The answer is yes, and in fact one can even reduce to the decision problem of linear inequalities feasibility!
We are as input given a LP instance P:
$\max c^Tx\ \text{s.t.}\ Ax \leq b\ ;\ x\geq 0$.
We furthermore have access to an oracle that given a system of inequalities $S=\{Bz \leq d\}$ returns yes/no, whether the system is feasible.
The reduction now proceeds as follows:
- Test if $S_1=\{Ax \leq b\ ;\ x \geq 0\}$ is feasible. If not, we can report that P is INFEASIBLE.
- Form the dual program D: $\min b^Ty\ \text{s.t.}\ A^Ty \geq c\ ;\ y \geq 0$.
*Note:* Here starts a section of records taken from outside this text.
lemma power_CARD_minus_1_eq_1:
  fixes x :: "'a::{field,finite}"
  assumes "x \<noteq> 0"
  shows "x ^ (CARD('a) - 1) = 1"
proof -
  let ?U = "UNIV - {0::'a}"
  have "(\<Prod>y\<in>?U. x * y) = (\<Prod>y\<in>?U. y)"
    using assms by (intro prod.reindex_bij_witness[where i = "\<lambda>y. y / x" and j = "\<lambda>y. x * y"]) auto
  moreover have "(\<Prod>y\<in>?U. x * y) = x ^ card ?U * (\<Prod>y\<in>?U. y)"
    by (simp add: prod.distrib)
  moreover have "card ?U = CARD('a) - 1"
    by (simp add: card_Diff_subset)
  ultimately show ?thesis by simp
qed

lemma CARD_field_ge_2: "CARD('a::{field,finite}) \<ge> 2"
proof -
  have "card {0, 1::'a} \<le> CARD('a)" by (rule card_mono) auto
  then show ?thesis by simp
qed

lemma poly_eq_if_vanishes_off_0:
  fixes H :: "'a::{field,finite} poly"
  assumes deg: "degree H < CARD('a)" and van: "\<And>s. s \<noteq> 0 \<Longrightarrow> poly H s = 0"
  shows "H = smult (poly H 0) (1 - monom 1 (CARD('a) - 1))"
proof -
  define K where "K = H - smult (poly H 0) (1 - monom 1 (CARD('a) - 1))"
  have "poly K s = 0" for s
    using van[of s] power_CARD_minus_1_eq_1[of s] CARD_field_ge_2[where 'a='a]
    by (cases "s = 0") (auto simp: K_def poly_monom)
  then have "{s. poly K s = 0} = UNIV" by auto
  moreover have "degree (1 - monom (1::'a) (CARD('a) - 1)) < CARD('a)"
    using CARD_field_ge_2[where 'a='a]
    by (intro le_less_trans[OF degree_diff_le_max]) (auto simp: degree_monom_eq)
  then have "degree K < CARD('a)"
    unfolding K_def using deg
    by (intro le_less_trans[OF degree_diff_le_max]) (auto intro: le_less_trans[OF degree_smult_le])
  ultimately have "K = 0"
    using card_poly_roots_bound[of K] by fastforce
  then show ?thesis by (simp add: K_def)
qed

fun scale3 :: "'a::times \<Rightarrow> 'a \<times> 'a \<times> 'a \<Rightarrow> 'a \<times> 'a \<times> 'a" where
  "scale3 c (x, y, z) = (c * x, c * y, c * z)"

fun dot3 :: "'a::comm_semiring_1 \<times> 'a \<times> 'a \<Rightarrow> 'a \<times> 'a \<times> 'a \<Rightarrow> 'a" where
  "dot3 (a, b, c) (x, y, z) = a * x + b * y + c * z"

fun cross3 :: "'a::comm_ring \<times> 'a \<times> 'a \<Rightarrow> 'a \<times> 'a \<times> 'a \<Rightarrow> 'a \<times> 'a \<times> 'a" where
  "cross3 (a0, a1, a2) (b0, b1, b2) = (a1 * b2 - a2 * b1, a2 * b0 - a0 * b2, a0 * b1 - a1 * b0)"

lemma dot3_add_right: "dot3 n (u + v) = dot3 n u + dot3 n v"
  by (cases n rule: prod_cases3, cases u rule: prod_cases3, cases v rule: prod_cases3)
    (simp add: algebra_simps)

lemma dot3_scale3_right: "dot3 n (scale3 c v) = c * dot3 n v"
  by (cases n rule: prod_cases3, cases v rule: prod_cases3) (simp add: algebra_simps)

lemma det3_eq_0_if_orthogonal:
  fixes n u v w :: "'a::field \<times> 'a \<times> 'a"
  assumes "n \<noteq> (0, 0, 0)" "dot3 n u = 0" "dot3 n v = 0" "dot3 n w = 0"
  shows "dot3 u (cross3 v w) = 0"
proof -
  have "scale3 (dot3 u (cross3 v w)) n =
      scale3 (dot3 n u) (cross3 v w) + scale3 (dot3 n v) (cross3 w u) + scale3 (dot3 n w) (cross3 u v)"
    by (cases n rule: prod_cases3, cases u rule: prod_cases3, cases v rule: prod_cases3,
        cases w rule: prod_cases3) (simp add: algebra_simps)
  with assms show ?thesis
    by (cases n rule: prod_cases3, cases "cross3 v w" rule: prod_cases3,
        cases "cross3 w u" rule: prod_cases3, cases "cross3 u v" rule: prod_cases3) auto
qed

lemma in_span_if_det3_eq_0:
  fixes u v w :: "'a::field \<times> 'a \<times> 'a"
  assumes det: "dot3 u (cross3 v w) = 0" and indep: "cross3 u v \<noteq> (0, 0, 0)"
  obtains \<alpha> \<beta> where "w = scale3 \<alpha> u + scale3 \<beta> v"
proof -
  have cramer: "scale3 (dot3 x (cross3 u v)) w =
      scale3 (dot3 u (cross3 v w)) x - scale3 (dot3 x (cross3 v w)) u - scale3 (dot3 x (cross3 w u)) v"
    for x
    by (cases x rule: prod_cases3, cases u rule: prod_cases3, cases v rule: prod_cases3,
        cases w rule: prod_cases3) (simp add: algebra_simps)
  obtain x :: "'a \<times> 'a \<times> 'a" where x: "dot3 x (cross3 u v) \<noteq> 0"
  proof (cases "cross3 u v" rule: prod_cases3)
    case (fields a b c)
    with indep that[of "(1, 0, 0)"] that[of "(0, 1, 0)"] that[of "(0, 0, 1)"] show ?thesis
      by auto
  qed
  define k A B where "k = dot3 x (cross3 u v)" and "A = dot3 x (cross3 v w)"
    and "B = dot3 x (cross3 w u)"
  have "scale3 k w = scale3 0 x - scale3 A u - scale3 B v"
    using cramer[of x] det by (simp add: k_def A_def B_def)
  with x have "w = scale3 (- A / k) u + scale3 (- B / k) v"
    unfolding k_def[symmetric]
    by (cases u rule: prod_cases3, cases v rule: prod_cases3, cases w rule: prod_cases3,
        cases x rule: prod_cases3) (simp add: field_simps)
  then show ?thesis by (rule that)
qed

fun monom_val :: "(nat \<Rightarrow>\<^sub>0 nat) \<Rightarrow> 'a::comm_semiring_1 \<times> 'a \<times> 'a \<Rightarrow> 'a" where
  "monom_val m (x, y, z) =
     x ^ Poly_Mapping.lookup m 0 * y ^ Poly_Mapping.lookup m 1 * z ^ Poly_Mapping.lookup m 2"

lemma eval3_eq_sum:
  "eval3 F v = (\<Sum>m\<in>Poly_Mapping.keys F. Poly_Mapping.lookup F m * monom_val m v)"
  by (cases v rule: prod_cases3) (simp add: eval3_def mult.assoc)

lemma monom_val_scale3:
  "monom_val m (scale3 c v) =
     c ^ (Poly_Mapping.lookup m 0 + Poly_Mapping.lookup m 1 + Poly_Mapping.lookup m 2) * monom_val m v"
  by (cases v rule: prod_cases3) (simp add: power_add power_mult_distrib mult_ac)

lemma eval3_scale3:
  assumes "homog3 d F"
  shows "eval3 F (scale3 c v) = c ^ d * eval3 F v"
proof -
  have "monom_val m (scale3 c v) = c ^ d * monom_val m v" if "m \<in> Poly_Mapping.keys F" for m
    using assms that by (simp add: homog3_def monom_val_scale3)
  then show ?thesis
    by (simp add: eval3_eq_sum sum_distrib_left mult.left_commute)
qed

text \<open>When \<open>Poly_Mapping.lookup m i = 0\<close> the truncated subtraction in \<open>m - Poly_Mapping.single i 1\<close>
  is harmless: the term carries the factor \<open>of_nat (Poly_Mapping.lookup m i)\<close>.\<close>

definition partial3 :: "'a::comm_ring_1 mpoly3 \<Rightarrow> nat \<Rightarrow> 'a \<times> 'a \<times> 'a \<Rightarrow> 'a" where
  "partial3 F i v = (\<Sum>m\<in>Poly_Mapping.keys F. Poly_Mapping.lookup F m *
     (of_nat (Poly_Mapping.lookup m i) * monom_val (m - Poly_Mapping.single i 1) v))"

definition grad3 :: "'a::comm_ring_1 mpoly3 \<Rightarrow> 'a \<times> 'a \<times> 'a \<Rightarrow> 'a \<times> 'a \<times> 'a" where
  "grad3 F v = (partial3 F 0 v, partial3 F 1 v, partial3 F 2 v)"

lemma euler_identity_monom_val:
  "x * (of_nat (Poly_Mapping.lookup m 0) * monom_val (m - Poly_Mapping.single 0 1) (x, y, z))
   + y * (of_nat (Poly_Mapping.lookup m 1) * monom_val (m - Poly_Mapping.single 1 1) (x, y, z))
   + z * (of_nat (Poly_Mapping.lookup m 2) * monom_val (m - Poly_Mapping.single 2 1) (x, y, z))
   = of_nat (Poly_Mapping.lookup m 0 + Poly_Mapping.lookup m 1 + Poly_Mapping.lookup m 2)
     * monom_val m (x, y, z)"
proof -
  have "x * (of_nat i * (x ^ (i - 1) * y ^ j * z ^ k)) + y * (of_nat j * (x ^ i * y ^ (j - 1) * z ^ k))
      + z * (of_nat k * (x ^ i * y ^ j * z ^ (k - 1))) = of_nat (i + j + k) * (x ^ i * y ^ j * z ^ k)"
    for i j k
    by (cases i; cases j; cases k) (simp_all add: algebra_simps)
  from this[of "Poly_Mapping.lookup m 0" "Poly_Mapping.lookup m 1" "Poly_Mapping.lookup m 2"]
  show ?thesis by (simp add: lookup_minus lookup_single)
qed

lemma euler_identity:
  assumes "homog3 d F"
  shows "dot3 (grad3 F v) v = of_nat d * eval3 F v"
proof (cases v rule: prod_cases3)
  case (fields x y z)
  have deg: "d = Poly_Mapping.lookup m 0 + Poly_Mapping.lookup m 1 + Poly_Mapping.lookup m 2"
    if "m \<in> Poly_Mapping.keys F" for m
    using assms that by (simp add: homog3_def)
  have "dot3 (grad3 F v) v = (\<Sum>m\<in>Poly_Mapping.keys F. Poly_Mapping.lookup F m *
      (x * (of_nat (Poly_Mapping.lookup m 0) * monom_val (m - Poly_Mapping.single 0 1) (x, y, z))
     + y * (of_nat (Poly_Mapping.lookup m 1) * monom_val (m - Poly_Mapping.single 1 1) (x, y, z))
     + z * (of_nat (Poly_Mapping.lookup m 2) * monom_val (m - Poly_Mapping.single 2 1) (x, y, z))))"
    by (simp add: fields grad3_def partial3_def sum_distrib_left sum_distrib_right sum.distrib
        algebra_simps del: monom_val.simps)
  also have "\<dots> = (\<Sum>m\<in>Poly_Mapping.keys F. Poly_Mapping.lookup F m * (of_nat d * monom_val m v))"
    by (rule sum.cong) (simp_all only: euler_identity_monom_val deg fields)
  also have "\<dots> = of_nat d * eval3 F v"
    by (simp add: eval3_eq_sum sum_distrib_left mult_ac del: monom_val.simps)
  finally show ?thesis .
qed

fun line_poly :: "'a::comm_ring_1 mpoly3 \<Rightarrow> 'a \<times> 'a \<times> 'a \<Rightarrow> 'a \<times> 'a \<times> 'a \<Rightarrow> 'a poly" where
  "line_poly F (q0, q1, q2) (p0, p1, p2) = (\<Sum>m\<in>Poly_Mapping.keys F.
     smult (Poly_Mapping.lookup F m) (monom_val m ([:q0, p0:], [:q1, p1:], [:q2, p2:])))"

lemma poly_line_poly: "poly (line_poly F Q P) s = eval3 F (Q + scale3 s P)"
  by (cases Q rule: prod_cases3, cases P rule: prod_cases3)
    (simp add: eval3_eq_sum poly_sum algebra_simps)

lemma degree_line_poly:
  assumes "homog3 d F"
  shows "degree (line_poly F Q P) \<le> d"
proof -
  obtain q0 q1 q2 p0 p1 p2 where coords: "Q = (q0, q1, q2)" "P = (p0, p1, p2)"
    by (cases Q rule: prod_cases3, cases P rule: prod_cases3) blast
  have pow: "degree ([:a, b:] ^ k) \<le> k" for a b :: 'a and k
  proof -
    have "degree [:a, b:] * k \<le> k"
      using mult_le_mono1[of "degree [:a, b:]" 1 k] by simp
    then show ?thesis using degree_power_le order.trans by blast
  qed
  have monom_deg: "degree (monom_val m ([:q0, p0:], [:q1, p1:], [:q2, p2:]))
      \<le> Poly_Mapping.lookup m 0 + Poly_Mapping.lookup m 1 + Poly_Mapping.lookup m 2" for m
    by (simp del: pCons_0_0) (meson add_mono degree_mult_le order.trans pow)
  have "degree (smult c (monom_val m ([:q0, p0:], [:q1, p1:], [:q2, p2:]))) \<le> d"
    if "m \<in> Poly_Mapping.keys F" for m c
  proof -
    have "Poly_Mapping.lookup m 0 + Poly_Mapping.lookup m 1 + Poly_Mapping.lookup m 2 = d"
      using assms that unfolding homog3_def by blast
    then show ?thesis
      using monom_deg[of m] by (intro order.trans[OF degree_smult_le]) simp
  qed
  then show ?thesis
    unfolding coords line_poly.simps by (intro degree_sum_le) auto
qed

lemma coeff_mult_1: "coeff (p * q) 1 = coeff p 0 * coeff q 1 + coeff p 1 * coeff q 0"
  by (simp add: coeff_mult atMost_Suc add.commute)

lemma coeff_linear_power_1: "coeff ([:a, b:] ^ n) 1 = of_nat n * a ^ (n - 1) * b"
proof (induction n)
  case (Suc n)
  then show ?case
    by (cases n) (simp_all add: coeff_mult_1 coeff_0_power algebra_simps)
qed simp

lemma coeff_1_line_poly: "coeff (line_poly F Q P) 1 = dot3 (grad3 F Q) P"
proof -
  obtain q0 q1 q2 p0 p1 p2 where coords: "Q = (q0, q1, q2)" "P = (p0, p1, p2)"
    by (cases Q rule: prod_cases3, cases P rule: prod_cases3) blast
  have "coeff (monom_val m ([:q0, p0:], [:q1, p1:], [:q2, p2:])) 1 =
      of_nat (Poly_Mapping.lookup m 0) * monom_val (m - Poly_Mapping.single 0 1) Q * p0
    + of_nat (Poly_Mapping.lookup m 1) * monom_val (m - Poly_Mapping.single 1 1) Q * p1
    + of_nat (Poly_Mapping.lookup m 2) * monom_val (m - Poly_Mapping.single 2 1) Q * p2" for m
    unfolding coords monom_val.simps coeff_mult_1 coeff_mult_0 coeff_0_power coeff_linear_power_1
    by (simp add: lookup_minus lookup_single algebra_simps)
  then show ?thesis
    by (simp add: coords grad3_def partial3_def coeff_sum sum_distrib_left sum_distrib_right
        sum.distrib algebra_simps del: monom_val.simps pCons_0_0)
qed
- Test if $S_2=\{Ax \leq b\ ;\ x\geq 0\ ;\ A^Ty\geq c\ ;\ y\geq0 \ ;\ b^Ty \leq c^Tx\}$ is feasible. If not, we can report that P is UNBOUNDED.
- Iterate over the inequalities of $S_1$ and try to add them one-by-one as equalities (i.e. add the reverse inequality) to the system $S_2$. If the system remains feasible we keep the constraint in $S_2$, and otherwise remove it again. Let $S_3$ be the system of constraints (linear equalities) that gets added in this way. The system $S_3$ will now completely determine an optimal basic solution to P.
- Using Gaussian Elimination on the system $S_3$ compute an optimal solution $x$ to P.